MariaDB starting with 10.1.0

The ANALYZE statement command was introduced in MariaDB 10.1.0.

Command description

The ANALYZE statement command is similar to EXPLAIN statement. ANALYZE statement will invoke the optimizer, execute the statement, and then produce EXPLAIN output instead of the result set. The EXPLAIN output will be annotated with statistics from statement execution.

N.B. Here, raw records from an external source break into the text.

lemma wt_eq_prod_box_weight:
  "wt q t \<alpha> F r = q ^ maj_row \<alpha> F (Suc r) * t ^ coinv_rows \<alpha> F r *
     (\<Prod>u\<in>row \<alpha> (Suc r). box_weight q t \<alpha> F u)"
proof -
  let ?G = "\<lambda>u. (1 - t) / (1 - q ^ (1 + leg \<alpha> u) * t ^ (1 + arm \<alpha> u))"
  have "{u \<in> dg \<alpha>. snd u = r + 1 \<and> F u \<noteq> F (south u)} = {u \<in> row \<alpha> (Suc r). F u \<noteq> F (south u)}"
    by (auto simp: row_def)
  then have "(\<Prod>u\<in>{u \<in> dg \<alpha>. snd u = r + 1 \<and> F u \<noteq> F (south u)}. ?G u)
      = (\<Prod>u\<in>row \<alpha> (Suc r). box_weight q t \<alpha> F u)"
    unfolding box_weight_def by (simp only: prod.inter_filter[OF finite_row])
  then show ?thesis
    by (simp add: wt_def)
qed

definition cols_exchanged :: "nat \<Rightarrow> nat \<Rightarrow> (nat \<times> nat \<Rightarrow> 'b) \<Rightarrow> (nat \<times> nat \<Rightarrow> 'b) \<Rightarrow> bool" where
  "cols_exchanged i r U T \<longleftrightarrow> (\<forall>j. \<forall>s\<in>{r, Suc r}. U (j, s) = T (transpose i (Suc i) j, s))"

lemma cols_exchanged_sym: "cols_exchanged i r U T \<Longrightarrow> cols_exchanged i r T U"
  by (simp add: cols_exchanged_def)

lemma Omega_apply: "Omega i h T (j, s) = (if s \<le> h then T (transpose i (Suc i) j, s) else T (j, s))"
  by (induction h arbitrary: j s) (auto simp: swap_row_def transpose_def)

lemma cols_exchanged_Omega: "r < h \<Longrightarrow> cols_exchanged i r (Omega i h T) T"
  by (simp add: cols_exchanged_def Omega_apply)

lemma chi3_cases: "chi3 x y z = 0 \<or> chi3 x y z = 1"
  by (auto simp: chi3_def chi_def)

lemma chi3_commute: "x \<noteq> y \<Longrightarrow> chi3 y x z = 1 - chi3 x y z"
  by (auto simp: chi3_def chi_def)

lemma chi3_same_ends: "x \<noteq> y \<Longrightarrow> chi3 x y x = 1"
  by (auto simp: chi3_def chi_def)

definition rho_of_entries :: "'a::field \<Rightarrow> 'a \<Rightarrow> nat \<Rightarrow> nat \<Rightarrow> nat \<Rightarrow> nat \<Rightarrow> nat \<Rightarrow> nat \<Rightarrow> 'a" where
  "rho_of_entries q t A l a b c d =
    (if card {a, b, c, d} = 4 then
       (if chi3 c d a = chi3 c d b then 0
        else if chi3 c d a = chi3 d c b then 1 else 0)
     else if card {a, b, c, d} = 3 then
       (if b = c then 0
        else if b = d then 1
        else if a = c then
          t powi (1 - chi3 d a b) * (1 - q ^ (l + 1) * t ^ (A + 1)) / (1 - q ^ (l + 1) * t ^ (A + 2))
        else 0)
     else if a = c \<and> b = d then 1
     else 0)"

lemma rho_eq_rho_of_entries:
  "rho q t \<alpha> i F r = rho_of_entries q t (arm \<alpha> (Suc i, Suc r)) (leg \<alpha> (Suc i, Suc r))
     (F (i, r)) (F (Suc i, r)) (F (i, Suc r)) (F (Suc i, Suc r))"
  by (simp add: rho_def rho_of_entries_def Let_def)

lemma rho_of_entries_exchange:
  fixes q t :: "'a::field" and A l :: nat
  defines "Y1 \<equiv> 1 - q ^ (l + 1) * t ^ (A + 1)" and "Y2 \<equiv> 1 - q ^ (l + 1) * t ^ (A + 2)"
  assumes "Y1 \<noteq> 0" "Y2 \<noteq> 0"
    and ab: "a \<noteq> b" and cd: "c \<noteq> d" and ad: "a \<noteq> d" and bc: "b \<noteq> c"
    and coinv: "kU + of_bool (chi3 c d a \<noteq> 1) = kT + of_bool (chi3 d c b \<noteq> 1)"
  shows "t ^ kU * (if d \<noteq> b then (1 - t) / Y2 else 1) * (if c \<noteq> a then (1 - t) / Y1 else 1)
           * rho_of_entries q t A l b a d c
       = t ^ kT * (if c \<noteq> a then (1 - t) / Y2 else 1) * (if d \<noteq> b then (1 - t) / Y1 else 1)
           * rho_of_entries q t A l a b c d"
proof -
  have commute: "chi3 d c z = 1 - chi3 c d z" for z
    using chi3_commute[OF cd] .
  consider (distinct) "a \<noteq> c" "b \<noteq> d" | (left) "a = c" "b \<noteq> d" | (right) "a \<noteq> c" "b = d"
    | (both) "a = c" "b = d"
    by blast
  then show ?thesis
  proof cases
    case distinct
    then have "card {a, b, c, d} = 4" "card {b, a, d, c} = 4"
      using ab cd ad bc by auto
    moreover have "kU = kT" if "chi3 c d a \<noteq> chi3 c d b"
      using coinv that commute[of b] chi3_cases[of c d a] chi3_cases[of c d b] by auto
    ultimately show ?thesis
      using distinct commute[of a] commute[of b] chi3_cases[of c d a] chi3_cases[of c d b]
      by (auto simp: rho_of_entries_def)
  next
    case left
    then have "card {a, b, c, d} = 3" "card {b, a, d, c} = 3"
      using ab cd ad bc by (auto simp: insert_commute)
    then have "rho_of_entries q t A l a b c d = t powi (1 - chi3 d a b) * Y1 / Y2"
      and "rho_of_entries q t A l b a d c = 1"
      using left bc ad by (simp_all add: rho_of_entries_def Y1_def Y2_def)
    moreover have "t ^ kU = t ^ kT * t powi (1 - chi3 d a b)"
      using coinv left chi3_same_ends[OF ad] chi3_cases[of d a b] by auto
    ultimately show ?thesis
      using left ad \<open>Y1 \<noteq> 0\<close> by simp
  next
    case right
    then have "card {a, b, c, d} = 3" "card {b, a, d, c} = 3"
      using ab cd ad bc by (auto simp: insert_commute)
    then have "rho_of_entries q t A l a b c d = 1"
      and "rho_of_entries q t A l b a d c = t powi (1 - chi3 c b a) * Y1 / Y2"
      using right bc ad by (simp_all add: rho_of_entries_def Y1_def Y2_def)
    moreover have "t ^ kT = t ^ kU * t powi (1 - chi3 c b a)"
      using coinv right chi3_same_ends[OF bc] chi3_cases[of c b a] by auto
    ultimately show ?thesis
      using right bc \<open>Y1 \<noteq> 0\<close> by simp
  next
    case both
    then have "card {a, b, c, d} = 2" "card {b, a, d, c} = 2"
      using ab by (auto simp: insert_commute)
    moreover have "kU = kT"
      using coinv both chi3_same_ends[OF ab] chi3_same_ends[OF ab[symmetric]] by simp
    ultimately show ?thesis
      using both by (simp add: rho_of_entries_def)
  qed
qed

context
  fixes \<alpha> :: "nat list" and i :: nat
  assumes i_ge: "1 \<le> i" and i_less: "i < length \<alpha>" and ht_eq: "ht \<alpha> i = ht \<alpha> (Suc i)"
begin

lemma ht_transpose [simp]: "ht \<alpha> (transpose i (Suc i) j) = ht \<alpha> j"
  using ht_eq by (simp add: transpose_def)

lemma dg_transpose_iff [simp]: "(transpose i (Suc i) j, s) \<in> dg \<alpha> \<longleftrightarrow> (j, s) \<in> dg \<alpha>"
  using i_ge i_less ht_eq by (auto simp: transpose_def dg_def)

lemma adg_transpose_iff [simp]: "(transpose i (Suc i) j, s) \<in> adg \<alpha> \<longleftrightarrow> (j, s) \<in> adg \<alpha>"
proof -
  have "1 \<le> transpose i (Suc i) j \<and> transpose i (Suc i) j \<le> length \<alpha> \<longleftrightarrow> 1 \<le> j \<and> j \<le> length \<alpha>"
    using i_ge i_less by (auto simp: transpose_def)
  then show ?thesis
    by (auto simp: adg_def)
qed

This lets one check how close the optimizer's estimates about the query plan are to the reality.

The syntax is

ANALYZE explainable_statement;

where the statement is any statement for which one can run EXPLAIN.

Command output

Consider an example:

MariaDB> analyze select * from tbl1 where key1 between 10 and 200 and col1 like 'foo%'\G
*************************** 1. row ***************************
           id: 1
  select_type: SIMPLE
        table: tbl1
         type: range
possible_keys: key1
          key: key1
      key_len: 5
          ref: NULL
         rows: 181
       r_rows: 181
     filtered: 100.00
   r_filtered: 10.50
        Extra: Using index condition; Using where

Compared to EXPLAIN, ANALYZE produces two extra columns:

  • r_rows is an observation-based counterpart of the rows column. It shows how many rows were actually read from the table.
  • r_filtered is an observation-based counterpart of the filtered column. It shows which fraction of rows was left after applying the WHERE condition.

Interpreting the output

Joins

Let's consider a more complicated example.

analyze select * 
from orders, customer 
where 
  customer.c_custkey=orders.o_custkey and 
  customer.c_acctbal < 0 and 
  orders.o_totalprice > 200*1000
+----+-------------+----------+------+---------------+-------------+---------+--------------------+--------+--------+----------+------------+-------------+
| id | select_type | table    | type | possible_keys | key         | key_len | ref                | rows   | r_rows | filtered | r_filtered | Extra       |
+----+-------------+----------+------+---------------+-------------+---------+--------------------+--------+--------+----------+------------+-------------+
|  1 | SIMPLE      | customer | ALL  | PRIMARY,...   | NULL        | NULL    | NULL               | 149095 | 150000 |    18.08 |       9.13 | Using where |
|  1 | SIMPLE      | orders   | ref  | i_o_custkey   | i_o_custkey | 5       | customer.c_custkey |      7 |     10 |   100.00 |      30.03 | Using where |
+----+-------------+----------+------+---------------+-------------+---------+--------------------+--------+--------+----------+------------+-------------+

Here, one can see that

  • For table customer, customer.rows=149095, customer.r_rows=150000. The estimate for number of rows we will read was fairly precise
  • customer.filtered=18.08, customer.r_filtered=9.13. The optimizer somewhat overestimated the number of records that will match selectivity of condition attached to `customer` table. (in general, when you have a full scan and r_filtered is less than 15%, it's time to consider adding an appropriate index)
  • For table orders, orders.rows=7, orders.r_rows=10. This means that on average, there are 7 orders for a given c_custkey, but in our case there were 10, which is close to the expectation (when this number is consistently far from the expectation, maybe it's time to run ANALYZE TABLE, or even edit the table statistics manually to get better query plans)
  • orders.filtered=100, orders.r_filtered=30.03. The optimizer didn't have any way to estimate which fraction of records will be left after it checks the condition that is attached to table orders (it's orders.o_totalprice > 200*1000). So, it used 100%. In reality, it is 30%. 30% is typically not selective enough to warrant adding new indexes. For joins with many tables, it might be worth to collect and use column statistics for columns in question, this may help the optimizer to pick a better query plan.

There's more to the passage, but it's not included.